'Francophonia': Bold modern look at how the Louvre survived WWII
Alexander Sokurov's quasi-documentary Francofonia is a brilliant meditation on art, on war - and what happens to art when nations go to war.
Alexander Sokurov's quasi-documentary Francofonia is a brilliant meditation on art, on war - and what happens to art when nations go to war.
In a bold mash-up of archival footage, reenactments, and reimaginings, the filmmaker examines how France's iconic museum, the Louvre, came into being. And how its palatial galleries - and the masterpieces in its collection - survived World War II.
There's everything here from newsreels of Nazi troops rolling into Paris to a scene of Sokurov himself Skyping to the captain of a storm-tossed Russian freighter carrying priceless artworks.

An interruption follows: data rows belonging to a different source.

(* Fix $R>0$ and an integer $k\ge2$. There exist a sequence $(\mathbb{X}_n,d_n,\nu_n)_{n\in\mathbb{N}}$ of complete separable metric spaces with locally finite Borel measures satisfying Assumption (A), pure $k$-body repulsive symmetric potentials $\phi^{(n)}$ on $\mathbb{X}_n$ of range at most $R$, bounded measurable sets $\Lambda_n\subseteq\mathbb{X}_n$, and reals $\lambda_n>0$, such that (1) $B_R^{(n)}:=\sup_{x\in\mathbb{X}_n}\nu_n(\{y\in\mathbb{X}_n: d_n(x,y)\le R\})$ satisfies $B_R^{(n)}\to\infty$ as $n\to\infty$; (2) $\lambda_n=O\!\left(\frac{\log B_R^{(n)}}{B_R^{(n)}}\right)$; and (3) $Z_{\Lambda_n,\phi^{(n)}}(-\lambda_n)=0$ for every $n$.
   Context: Assumption (A) on $(\mathbb{X},d,\nu)$: for every $x\in\mathbb{X}$, the push-forward of $\nu$ under $y\mapsto d(x,y)$ is absolutely continuous with respect to Lebesgue measure on $\mathbb{R}$. A potential $\phi=(\phi_m)_{m\in\mathbb{N}}$ is a family of measurable $\phi_m:\mathbb{X}^m\to\mathbb{R}\cup\{\infty\}$, written $\phi(\mathbf{x})=\phi_m(\mathbf{x})$; symmetric: invariant under coordinate permutations; repulsive: $\phi_m\ge0$; range at most $R$: $\phi(\mathbf{x})=0$ whenever $\max_{i,j}d(x_i,x_j)>R$; pure $k$-body: $\phi_m=0$ for all $m\ne k$. For $\mathbf{x}\in\mathbb{X}^m$, $S\subseteq[m]$, $\mathbf{x}_S=(x_i)_{i\in S}$; $H(\mathbf{x})=\sum_{\emptyset\ne S\subseteq[m]}\phi(\mathbf{x}_S)$; $Z_{\Lambda,\phi}(\lambda)=\sum_{m\ge0}\frac{\lambda^m}{m!}\int_{\Lambda^m}e^{-H(\mathbf{x})}\nu^m(d\mathbf{x})$ with $e^{-\infty}=0$. *)

theory Defs
  imports "HOL-Analysis.Analysis" "HOL-Library.Landau_Symbols"
begin

definition cs_mm_space :: "'a set \<Rightarrow> ('a \<Rightarrow> 'a \<Rightarrow> real) \<Rightarrow> 'a measure \<Rightarrow> bool" where
  "cs_mm_space X d nu \<longleftrightarrow>
     Metric_space X d \<and> Metric_space.mcomplete X d \<and>
     separable_space (Metric_space.mtopology X d) \<and>
     space nu = X \<and>
     sets nu = sigma_sets X {U. openin (Metric_space.mtopology X d) U} \<and>
     (\<forall>x\<in>X. \<exists>U. openin (Metric_space.mtopology X d) U \<and> x \<in> U \<and> emeasure nu U < \<infinity>)"

definition assumption_A :: "'a set \<Rightarrow> ('a \<Rightarrow> 'a \<Rightarrow> real) \<Rightarrow> 'a measure \<Rightarrow> bool" where
  "assumption_A X d nu \<longleftrightarrow>
     (\<forall>x\<in>X. absolutely_continuous lborel (distr nu lborel (\<lambda>y. d x y)))"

It was June 14, 1940, when German tanks rumbled down the Champs-Elysee - a Champs-Elysee eerily devoid of people. More than two million Parisians had already fled the city, the writing was on the wall. And on the walls of the Louvre: empty spaces where paintings had been taken down and shipped to safe hiding places in the countryside.
Much of Francofonia centers around the real-life characters Jacques Jaujard, director of the Louvre at the time of the Occupation, and Franz Graf Wolff-Metternich, an official high up in Germany's Paris command.
As with the complicit relationship between another French cultural figure and another Nazi described in Volker Schlöndorff's 2014 film, Diplomacy, Jaujard (played by Louis-Do de Lencquesaing) and Wolff-Metternich (Benjamin Utzerath) were enemies on paper. But the two became collaborators, plotting to save the Louvre from destruction and to halt the shipment of artworks to Germany as trophies of war.
The camera in Francofonia prowls the corridors of the Louvre, stopping to take in ancient Assyrian friezes, the Mona Lisa. And then it soars over the museum's rooftops, the skyline of Paris, flying back into history, the modern buildings erased before our eyes. Suddenly the figure of Napoleon (Vincent Nemeth) is wandering the Louvre, too, stopping at his own portrait.
History is enshrined here. And in Sokurov's film, the art of centuries breathes anew.